The structural similarity (SSIM) index is a method for predicting the perceived quality of digital television and cinematic pictures, as well as other kinds of digital images and videos. The first version of the model was developed in the Laboratory for Image and Video Engineering (LIVE) at The University of Texas at Austin and further developed jointly with the Laboratory for Computational Vision (LCV) at New York University.
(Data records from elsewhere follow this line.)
lemma sum_product_outside_square_le:
  fixes p :: "'a \<Rightarrow> real"
  assumes nonneg: "\<And>i. 0 \<le> p i" and total: "\<And>S. finite S \<Longrightarrow> sum p S \<le> 1"
    and tail: "\<And>S. finite S \<Longrightarrow> S \<inter> L = {} \<Longrightarrow> sum p S \<le> \<eta>"
    and "finite G" and G: "G \<inter> L \<times> L = {}"
  shows "(\<Sum>(i,j)\<in>G. p i * p j) \<le> 2 * \<eta>"
proof -
  define I where "I = fst ` G \<union> snd ` G"
  have I: "finite I" using \<open>finite G\<close> by (simp add: I_def)
  let ?f = "\<lambda>(i,j). p i * p j"
  have f: "0 \<le> ?f z" for z using nonneg by (auto split: prod.split)
  have "G \<subseteq> (I - L) \<times> I \<union> I \<times> (I - L)"
  proof
    fix z assume "z \<in> G"
    moreover obtain i j where "z = (i, j)" by fastforce
    ultimately have "i \<in> I" "j \<in> I" "i \<notin> L \<or> j \<notin> L"
      using G unfolding I_def by (force, force, blast)
    with \<open>z = (i, j)\<close> show "z \<in> (I - L) \<times> I \<union> I \<times> (I - L)" by blast
  qed
  then have "sum ?f G \<le> sum ?f ((I - L) \<times> I \<union> I \<times> (I - L))"
    using I f by (intro sum_mono2) auto
  also have "\<dots> \<le> sum ?f ((I - L) \<times> I) + sum ?f (I \<times> (I - L))"
    using I f by (simp add: sum_Un sum_nonneg)
  also have "\<dots> = sum p (I - L) * sum p I + sum p I * sum p (I - L)"
    by (simp add: sum_product sum.cartesian_product)
  also have "\<dots> \<le> \<eta> * 1 + 1 * \<eta>"
    using I nonneg tail[of "{}"] by (intro add_mono mult_mono total tail) (auto intro: sum_nonneg)
  finally show ?thesis by simp
qed

lemma P_E_hs_tail_le:
  assumes "\<rho> \<in> P_E ev E" and ev: "\<And>i. 0 \<le> ev i" and M: "0 < M"
    and "finite G" and G: "G \<inter> {i. ev i \<le> M} \<times> {i. ev i \<le> M} = {}"
  shows "(\<Sum>(i,j)\<in>G. (cmod (\<rho> i j))\<^sup>2) \<le> 2 * (E / M)"
proof -
  have \<rho>: "density_operator \<rho>" and pos: "positive_matrix \<rho>"
    using assms(1) by (auto simp: P_E_def density_operator_iff)
  have "(\<Sum>(i,j)\<in>G. (cmod (\<rho> i j))\<^sup>2) \<le> (\<Sum>(i,j)\<in>G. Re (\<rho> i i) * Re (\<rho> j j))"
    by (intro sum_mono) (auto simp: positive_matrix_entry_bound[OF pos])
  also have "\<dots> \<le> 2 * (E / M)"
  proof (rule sum_product_outside_square_le[OF _ _ _ \<open>finite G\<close> G])
    fix S :: "'a set" assume "finite S" and "S \<inter> {i. ev i \<le> M} = {}"
    then show "(\<Sum>i\<in>S. Re (\<rho> i i)) \<le> E / M"
      by (intro P_E_diag_sum_le[OF assms(1) ev _ M]) auto
  qed (simp_all add: positive_matrix_diag_nonneg[OF pos] density_operator_diag_sum_le_1[OF \<rho>])
  finally show ?thesis .
qed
SSIM is used for measuring the similarity between two images. The SSIM index is a full reference metric; in other words, the measurement or prediction of image quality is based on an initial uncompressed or distortion-free image as reference. SSIM is designed to improve on traditional methods such as peak signal-to-noise ratio (PSNR) and mean squared error (MSE).
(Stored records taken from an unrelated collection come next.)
(* Let $F$, $H$, $X$, $\Omega$, $Q$ and the sequences generated by the IneIREG method be as described in the context, suppose $H$ is $\mu$-strongly monotone for some $\mu>0$, and suppose $0<\lambda_k<1/L_k$ for all $k\ge0$, where $L_k:=L_F+\eta_kL_H$. Let $\beta_k:=\big(\frac{1}{1-\lambda_k^2L_k^2}+\frac{1}{2\lambda_k\eta_k\mu}\big)^{-1}$. Then for all $x\in X$ and $k\ge0$, $$(1-\beta_k)\|w_k-x\|^2-\|x_{k+1}-x\|^2\ge2\lambda_k\langle F(x),y_k-x\rangle+2\lambda_k\eta_k\langle H(x),y_k-x\rangle.$$
   Context: Work in $\mathbb{R}^n$ with Euclidean inner product $\langle\cdot,\cdot\rangle$ and norm $\|\cdot\|$. The maps $F\colon \mathrm{Dom}\,F\to\mathbb{R}^n$ and $H\colon\mathrm{Dom}\,H\to\mathbb{R}^n$ are monotone and Lipschitz continuous with constants $L_F>0$ and $L_H>0$; $H$ is $\mu$-strongly monotone means $\langle H(x)-H(y),x-y\rangle\ge\mu\|x-y\|^2$ for all $x,y\in\mathrm{Dom}\,H$. $X$ is a nonempty compact convex set and $\Omega$ a nonempty closed convex set with $X\subset\Omega\subset\mathrm{Dom}\,F\cap\mathrm{Dom}\,H$; $P_X,P_\Omega$ denote orthogonal projections. $Q:=\{x\in X:\langle F(x),y-x\rangle\ge0\ \forall y\in X\}$ is assumed nonempty. IneIREG method: start with $x_0=x_{-1}\in X$; for $k=0,1,\dots$, with parameters $\alpha_k\ge0$, $\lambda_k>0$, $\eta_k>0$, set $w_k=x_k+\alpha_k(x_k-x_{k-1})$, $w'_k=P_\Omega(w_k)$, $y_k=P_X\big(w_k-\lambda_k(F(w'_k)+\eta_kH(w'_k))\big)$, $x_{k+1}=P_X\big(w_k-\lambda_k(F(y_k)+\eta_kH(y_k))\big)$. *)

theory Defs
  imports "HOL-Analysis.Analysis"
begin

definition monotone_op :: "'a::real_inner set \<Rightarrow> ('a \<Rightarrow> 'a) \<Rightarrow> bool" where
  "monotone_op D T \<longleftrightarrow> (\<forall>x\<in>D. \<forall>y\<in>D. (T x - T y) \<bullet> (x - y) \<ge> 0)"

definition strongly_monotone_op :: "real \<Rightarrow> 'a::real_inner set \<Rightarrow> ('a \<Rightarrow> 'a) \<Rightarrow> bool" where
  "strongly_monotone_op \<mu> D T \<longleftrightarrow> (\<forall>x\<in>D. \<forall>y\<in>D. (T x - T y) \<bullet> (x - y) \<ge> \<mu> * (norm (x - y))\<^sup>2)"

end

theory Submission
  imports Defs
begin

text \<open>For \<open>G = F + \<eta>\<^sub>k H\<close> one step of the method is an extragradient step for \<open>G\<close>,
  which is \<open>L\<^sub>k\<close>-Lipschitz and \<open>\<eta>\<^sub>k \<mu>\<close>-strongly monotone. The two projection
  inequalities give the usual extragradient estimate
  \<open>|x\<^sub>k\<^sub>+\<^sub>1 - x|\<^sup>2 \<le> |w\<^sub>k - x|\<^sup>2 - a |w\<^sub>k - y\<^sub>k|\<^sup>2 - 2 \<lambda>\<^sub>k \<langle>G y\<^sub>k, y\<^sub>k - x\<rangle>\<close>
  with \<open>a = 1 - \<lambda>\<^sub>k\<^sup>2 L\<^sub>k\<^sup>2\<close>; the Lipschitz bound may be applied at \<open>w'\<^sub>k\<close> because
  projecting onto \<open>\<Omega> \<supseteq> X\<close> does not increase the distance to \<open>y\<^sub>k\<close>. Strong
  monotonicity bounds \<open>2 \<lambda>\<^sub>k \<langle>G y\<^sub>k, y\<^sub>k - x\<rangle>\<close> below by
  \<open>b |y\<^sub>k - x|\<^sup>2 + 2 \<lambda>\<^sub>k \<langle>G x, y\<^sub>k - x\<rangle>\<close> with \<open>b = 2 \<lambda>\<^sub>k \<eta>\<^sub>k \<mu>\<close>, and by the
  triangle inequality \<open>a |w\<^sub>k - y\<^sub>k|\<^sup>2 + b |y\<^sub>k - x|\<^sup>2 \<ge> (1/a + 1/b)\<^sup>-\<^sup>1 |w\<^sub>k - x|\<^sup>2 = \<beta>\<^sub>k |w\<^sub>k - x|\<^sup>2\<close>.\<close>

lemma parallel_sum_norm_add_square_le:
  fixes u v :: "'a::real_normed_vector" and a b :: real
  assumes a: "a > 0" and b: "b > 0"
  shows "inverse (1/a + 1/b) * (norm (u + v))\<^sup>2 \<le> a * (norm u)\<^sup>2 + b * (norm v)\<^sup>2"
proof -
  have "(a + b) * (a * (norm u)\<^sup>2 + b * (norm v)\<^sup>2) - a * b * (norm u + norm v)\<^sup>2
        = (a * norm u - b * norm v)\<^sup>2"
    by algebra
  then have "a * b * (norm u + norm v)\<^sup>2 \<le> (a + b) * (a * (norm u)\<^sup>2 + b * (norm v)\<^sup>2)"
    by (metis diff_ge_0_iff_ge zero_le_power2)
  then have "a * b * (norm u + norm v)\<^sup>2 / (a + b) \<le> a * (norm u)\<^sup>2 + b * (norm v)\<^sup>2"
    using a b by (simp add: pos_divide_le_eq mult.commute)
  moreover have "inverse (1/a + 1/b) = a * b / (a + b)"
    using a b by (simp add: field_simps)
  moreover have "(norm (u + v))\<^sup>2 \<le> (norm u + norm v)\<^sup>2"
    by (simp add: norm_triangle_ineq power_mono)
  then have "a * b * (norm (u + v))\<^sup>2 / (a + b) \<le> a * b * (norm u + norm v)\<^sup>2 / (a + b)"
    using a b by (intro divide_right_mono mult_left_mono) auto
  ultimately show ?thesis
    by simp
qed

lemma closest_point_three_point:
  fixes W d z :: "'a::euclidean_space" and X :: "'a set"
  defines "P \<equiv> closest_point X (W - d)"
  assumes "convex X" "closed X" "z \<in> X"
  shows "(norm (P - z))\<^sup>2 \<le> (norm (W - z))\<^sup>2 - (norm (W - P))\<^sup>2 - 2 * (d \<bullet> (P - z))"
proof -
  have "(W - d - P) \<bullet> (z - P) \<le> 0"
    unfolding P_def by (rule closest_point_dot[OF assms(2-4)])
  then have proj: "d \<bullet> (P - z) \<le> (W - P) \<bullet> (P - z)"
    by (simp add: inner_diff_left inner_diff_right)
  moreover have "(W - P) \<bullet> (P - z) = ((norm (W - z))\<^sup>2 - (norm (W - P))\<^sup>2 - (norm (P - z))\<^sup>2) / 2"
    using dot_norm[of "W - P" "P - z"] by simp
  ultimately show ?thesis
    by (simp add: field_simps)
qed

lemma extragradient_step_bound:
  fixes W V Y P z gV gY :: "'a::euclidean_space"
  assumes Y_eq: "Y = closest_point X (W - lm *\<^sub>R gV)"
    and P_eq: "P = closest_point X (W - lm *\<^sub>R gY)"
    and X: "convex X" "closed X" and z: "z \<in> X" and lm: "lm \<ge> 0"
    and lip: "norm (gV - gY) \<le> L * norm (V - Y)"
    and near: "norm (V - Y) \<le> norm (W - Y)"
  shows "(norm (P - z))\<^sup>2
           \<le> (norm (W - z))\<^sup>2 - (1 - lm\<^sup>2 * L\<^sup>2) * (norm (W - Y))\<^sup>2 - 2 * lm * (gY \<bullet> (Y - z))"
proof -
  have "P \<in> X"
    unfolding P_eq using closest_point_in_set X z by blast
  have to_z: "(norm (P - z))\<^sup>2
      \<le> (norm (W - z))\<^sup>2 - (norm (W - P))\<^sup>2 - 2 * lm * (gY \<bullet> (P - z))"
    using closest_point_three_point[OF X z, of W "lm *\<^sub>R gY"] unfolding P_eq by simp
  have to_P: "(norm (Y - P))\<^sup>2
      \<le> (norm (W - P))\<^sup>2 - (norm (W - Y))\<^sup>2 - 2 * lm * (gV \<bullet> (Y - P))"
    using closest_point_three_point[OF X \<open>P \<in> X\<close>, of W "lm *\<^sub>R gV"] unfolding Y_eq by simp
  have "(gV - gY) \<bullet> (P - Y) \<le> L * norm (V - Y) * norm (P - Y)"
    using norm_cauchy_schwarz[of "gV - gY" "P - Y"] mult_right_mono[OF lip norm_ge_zero, of "P - Y"]
    by linarith
  then have "2 * lm * (gV \<bullet> (P - Y)) - 2 * lm * (gY \<bullet> (P - Y)) \<le> 2 * (lm * L * norm (V - Y)) * norm (P - Y)"
    using lm by (simp add: mult_left_mono mult.assoc inner_diff_left right_diff_distrib[symmetric])
  also have "\<dots> \<le> (lm * L * norm (V - Y))\<^sup>2 + (norm (P - Y))\<^sup>2"
    by (rule sum_squares_bound)
  also have "(lm * L * norm (V - Y))\<^sup>2 \<le> lm\<^sup>2 * L\<^sup>2 * (norm (W - Y))\<^sup>2"
    using near by (simp add: power_mult_distrib power_mono mult_left_mono)
  finally have cross: "2 * lm * (gV \<bullet> (P - Y)) - 2 * lm * (gY \<bullet> (P - Y))
      \<le> lm\<^sup>2 * L\<^sup>2 * (norm (W - Y))\<^sup>2 + (norm (Y - P))\<^sup>2"
    by (simp add: norm_minus_commute)
  have "gY \<bullet> (P - z) = gY \<bullet> (Y - z) + gY \<bullet> (P - Y)"
    by (simp add: inner_diff_right)
  then have "2 * lm * (gY \<bullet> (P - z)) = 2 * lm * (gY \<bullet> (Y - z)) + 2 * lm * (gY \<bullet> (P - Y))"
    by (simp add: distrib_left)
  moreover have "2 * lm * (gV \<bullet> (Y - P)) = - (2 * lm * (gV \<bullet> (P - Y)))"
    by (simp add: inner_diff_right right_diff_distrib)
  moreover have "(1 - lm\<^sup>2 * L\<^sup>2) * (norm (W - Y))\<^sup>2 = (norm (W - Y))\<^sup>2 - lm\<^sup>2 * L\<^sup>2 * (norm (W - Y))\<^sup>2"
    by (simp add: left_diff_distrib)
  ultimately show ?thesis
    using to_z to_P cross by linarith
qed

lemma strongly_monotone_op_add_scaleR:
  fixes F H :: "'a::real_inner \<Rightarrow> 'a"
  assumes "monotone_op D1 F" "strongly_monotone_op \<mu> D2 H" "e \<ge> 0"
  shows "strongly_monotone_op (e * \<mu>) (D1 \<inter> D2) (\<lambda>u. F u + e *\<^sub>R H u)"
  unfolding strongly_monotone_op_def
proof (intro ballI)
  fix u v assume "u \<in> D1 \<inter> D2" "v \<in> D1 \<inter> D2"
  then have F_uv: "(F u - F v) \<bullet> (u - v) \<ge> 0"
    and H_uv: "(H u - H v) \<bullet> (u - v) \<ge> \<mu> * (norm (u - v))\<^sup>2"
    using assms(1,2) unfolding monotone_op_def strongly_monotone_op_def by auto
  have "(F u + e *\<^sub>R H u - (F v + e *\<^sub>R H v)) \<bullet> (u - v)
      = (F u - F v) \<bullet> (u - v) + e * ((H u - H v) \<bullet> (u - v))"
    by (simp add: inner_simps algebra_simps)
  moreover have "e * ((H u - H v) \<bullet> (u - v)) \<ge> e * \<mu> * (norm (u - v))\<^sup>2"
    using H_uv assms(3) by (metis mult.assoc mult_left_mono)
  ultimately show "(F u + e *\<^sub>R H u - (F v + e *\<^sub>R H v)) \<bullet> (u - v) \<ge> e * \<mu> * (norm (u - v))\<^sup>2"
    using F_uv by linarith
qed

lemma extragradient_strongly_monotone_bound:
  fixes G :: "'a::euclidean_space \<Rightarrow> 'a"
  assumes Y_eq: "Y = closest_point X (W - lm *\<^sub>R G (closest_point \<Omega> W))"
    and P_eq: "P = closest_point X (W - lm *\<^sub>R G Y)"
    and X: "convex X" "closed X" and \<Omega>: "convex \<Omega>" "closed \<Omega>"
    and X_sub: "X \<subseteq> \<Omega>" and \<Omega>_sub: "\<Omega> \<subseteq> D"
    and G_lip: "lipschitz_on L D G" and G_strong: "strongly_monotone_op m D G"
    and m_pos: "m > 0" and lm_pos: "lm > 0" and lm_L: "lm * L < 1" and z: "z \<in> X"
  shows "(1 - inverse (1 / (1 - lm\<^sup>2 * L\<^sup>2) + 1 / (2 * lm * m))) * (norm (W - z))\<^sup>2
           - (norm (P - z))\<^sup>2 \<ge> 2 * lm * (G z \<bullet> (Y - z))"
proof -
  define V where "V = closest_point \<Omega> W"
  define a where "a = 1 - lm\<^sup>2 * L\<^sup>2"
  define b where "b = 2 * lm * m"
  have "Y \<in> X"
    unfolding Y_eq using closest_point_in_set X z by blast
  have "\<Omega> \<noteq> {}"
    using X_sub z by blast
  then have "V \<in> \<Omega>"
    unfolding V_def using closest_point_in_set \<Omega> by blast
  have near: "norm (V - Y) \<le> norm (W - Y)"
    using closest_point_lipschitz[OF \<Omega> \<open>\<Omega> \<noteq> {}\<close>, of W Y] closest_point_self[of Y \<Omega>] \<open>Y \<in> X\<close> X_sub z
    unfolding V_def dist_norm by auto
  have lip: "norm (G V - G Y) \<le> L * norm (V - Y)"
    using lipschitz_on_normD[OF G_lip] \<open>V \<in> \<Omega>\<close> \<open>Y \<in> X\<close> X_sub \<Omega>_sub by blast
  have step: "(norm (P - z))\<^sup>2 \<le> (norm (W - z))\<^sup>2 - a * (norm (W - Y))\<^sup>2 - 2 * lm * (G Y \<bullet> (Y - z))"
    using extragradient_step_bound[OF Y_eq[folded V_def] P_eq X z _ lip near] lm_pos
    unfolding a_def by simp
  have "(G Y - G z) \<bullet> (Y - z) \<ge> m * (norm (Y - z))\<^sup>2"
    using G_strong \<open>Y \<in> X\<close> z X_sub \<Omega>_sub unfolding strongly_monotone_op_def by blast
  then have "G Y \<bullet> (Y - z) \<ge> m * (norm (Y - z))\<^sup>2 + G z \<bullet> (Y - z)"
    by (simp add: inner_diff_left)
  then have "2 * lm * (m * (norm (Y - z))\<^sup>2 + G z \<bullet> (Y - z)) \<le> 2 * lm * (G Y \<bullet> (Y - z))"
    using lm_pos by (simp add: mult_left_mono)
  then have strong: "2 * lm * (G Y \<bullet> (Y - z)) \<ge> b * (norm (Y - z))\<^sup>2 + 2 * lm * (G z \<bullet> (Y - z))"
    unfolding b_def by (simp only: distrib_left mult.assoc)
  have "0 \<le> lm * L"
    using lm_pos lipschitz_on_nonneg[OF G_lip] by simp
  then have "a > 0"
    using lm_L unfolding a_def by (simp add: power_mult_distrib[symmetric] power_less_one_iff)
  moreover have "b > 0"
    using lm_pos m_pos unfolding b_def by simp
  ultimately have "inverse (1/a + 1/b) * (norm (W - z))\<^sup>2 \<le> a * (norm (W - Y))\<^sup>2 + b * (norm (Y - z))\<^sup>2"
    using parallel_sum_norm_add_square_le[of a b "W - Y" "Y - z"] by simp
  with step strong show ?thesis
    unfolding a_def b_def by (simp add: algebra_simps)
qed

theorem corollary4p5:
  fixes F H :: "'a::euclidean_space \<Rightarrow> 'a"
    and DF DH X \<Omega> :: "'a set"
    and LF LH \<mu> :: real
    and \<alpha> lam \<eta> :: "nat \<Rightarrow> real"
    and x w w' y :: "nat \<Rightarrow> 'a"
  assumes F_mono: "monotone_op DF F" and H_mono: "monotone_op DH H"
    and F_lip: "lipschitz_on LF DF F" and H_lip: "lipschitz_on LH DH H"
    and LF_pos: "LF > 0" and LH_pos: "LH > 0"
    and X_ne: "X \<noteq> {}" and X_compact: "compact X" and X_convex: "convex X"
    and \<Omega>_ne: "\<Omega> \<noteq> {}" and \<Omega>_closed: "closed \<Omega>" and \<Omega>_convex: "convex \<Omega>"
    and X_sub: "X \<subseteq> \<Omega>" and \<Omega>_sub: "\<Omega> \<subseteq> DF \<inter> DH"
    and Q_ne: "{z \<in> X. \<forall>v\<in>X. F z \<bullet> (v - z) \<ge> 0} \<noteq> {}"
    and \<mu>_pos: "\<mu> > 0" and H_strong: "strongly_monotone_op \<mu> DH H"
    and \<alpha>_nonneg: "\<And>k. \<alpha> k \<ge> 0"
    and lam_pos: "\<And>k. lam k > 0"
    and \<eta>_pos: "\<And>k. \<eta> k > 0"
    and lam_bound: "\<And>k. lam k < 1 / (LF + \<eta> k * LH)"
    and x0: "x 0 \<in> X"
    and w_def: "\<And>k. w k = x k + \<alpha> k *\<^sub>R (x k - (if k = 0 then x 0 else x (k - 1)))"
    and w'_def: "\<And>k. w' k = closest_point \<Omega> (w k)"
    and y_def: "\<And>k. y k = closest_point X (w k - lam k *\<^sub>R (F (w' k) + \<eta> k *\<^sub>R H (w' k)))"
    and x_def: "\<And>k. x (Suc k) = closest_point X (w k - lam k *\<^sub>R (F (y k) + \<eta> k *\<^sub>R H (y k)))"
  shows "\<forall>z\<in>X. \<forall>k.
    (let Lk = LF + \<eta> k * LH;
         \<beta> = inverse (1 / (1 - (lam k)\<^sup>2 * Lk\<^sup>2) + 1 / (2 * lam k * \<eta> k * \<mu>))
     in (1 - \<beta>) * (norm (w k - z))\<^sup>2 - (norm (x (Suc k) - z))\<^sup>2
        \<ge> 2 * lam k * (F z \<bullet> (y k - z)) + 2 * lam k * \<eta> k * (H z \<bullet> (y k - z)))"
proof (intro ballI allI)
  fix z k assume "z \<in> X"
  define G where "G = (\<lambda>u. F u + \<eta> k *\<^sub>R H u)"
  have y_eq: "y k = closest_point X (w k - lam k *\<^sub>R G (closest_point \<Omega> (w k)))"
    by (simp add: y_def w'_def G_def)
  have x_eq: "x (Suc k) = closest_point X (w k - lam k *\<^sub>R G (y k))"
    by (simp add: x_def G_def)
  have G_lip: "lipschitz_on (LF + \<eta> k * LH) (DF \<inter> DH) G"
    unfolding G_def using \<eta>_pos[of k]
    by (intro lipschitz_on_add lipschitz_on_cmult_nonneg lipschitz_on_subset[OF F_lip]
        lipschitz_on_subset[OF H_lip]) auto
  have G_strong: "strongly_monotone_op (\<eta> k * \<mu>) (DF \<inter> DH) G"
    unfolding G_def using strongly_monotone_op_add_scaleR[OF F_mono H_strong] \<eta>_pos[of k] by simp
  have "lam k * (LF + \<eta> k * LH) < 1"
    using lam_bound[of k] LF_pos LH_pos \<eta>_pos[of k] by (simp add: field_simps add_pos_pos)
  with \<mu>_pos \<eta>_pos[of k] have "2 * lam k * (G z \<bullet> (y k - z))
      \<le> (1 - inverse (1 / (1 - (lam k)\<^sup>2 * (LF + \<eta> k * LH)\<^sup>2) + 1 / (2 * lam k * (\<eta> k * \<mu>))))
        * (norm (w k - z))\<^sup>2 - (norm (x (Suc k) - z))\<^sup>2"
    by (intro extragradient_strongly_monotone_bound[OF y_eq x_eq X_convex
        compact_imp_closed[OF X_compact] \<Omega>_convex \<Omega>_closed X_sub \<Omega>_sub G_lip G_strong
        _ lam_pos _ \<open>z \<in> X\<close>]) auto
  then show "let Lk = LF + \<eta> k * LH;
         \<beta> = inverse (1 / (1 - (lam k)\<^sup>2 * Lk\<^sup>2) + 1 / (2 * lam k * \<eta> k * \<mu>))
     in (1 - \<beta>) * (norm (w k - z))\<^sup>2 - (norm (x (Suc k) - z))\<^sup>2
        \<ge> 2 * lam k * (F z \<bullet> (y k - z)) + 2 * lam k * \<eta> k * (H z \<bullet> (y k - z))"
    unfolding G_def Let_def by (simp add: inner_add_left mult.assoc distrib_left)
qed

end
The predecessor of SSIM was called Universal Quality Index (UQI), or Wang–Bovik Index, and was developed by Zhou Wang and Al Bovik in 2001. This evolved, through their collaboration with Hamid Sheikh and Eero Simoncelli, into the current version of SSIM, which was published in April 2004 in the IEEE Transactions on Image Processing.. In addition to defining the SSIM quality index, the paper provides a general context for developing and evaluating perceptual quality measures, including connections to human visual neurobiology and perception, and direct validation of the index against human subject ratings.
SSIM was rapidly adopted by the image processing community, in part because the March 2000 FRTV Phase I report by the Video Quality Experts Group had concluded that nine previously proposed models for perceptual quality were ineffective. The 2004 SSIM paper has been cited more than 15,000 times according to Google Scholar, making it one of the highest cited papers in the image processing and video engineering fields. It was accorded the IEEE Signal Processing Society Best Paper Award for 2009. It also received the IEEE Signal Processing Society Sustained Impact Award for 2017, indicative of a paper having an unusually high impact for at least 10 years following its publication. The inventors of SSIM were each accorded an individual Primetime Engineering Emmy Award by the Television Academy in 2015.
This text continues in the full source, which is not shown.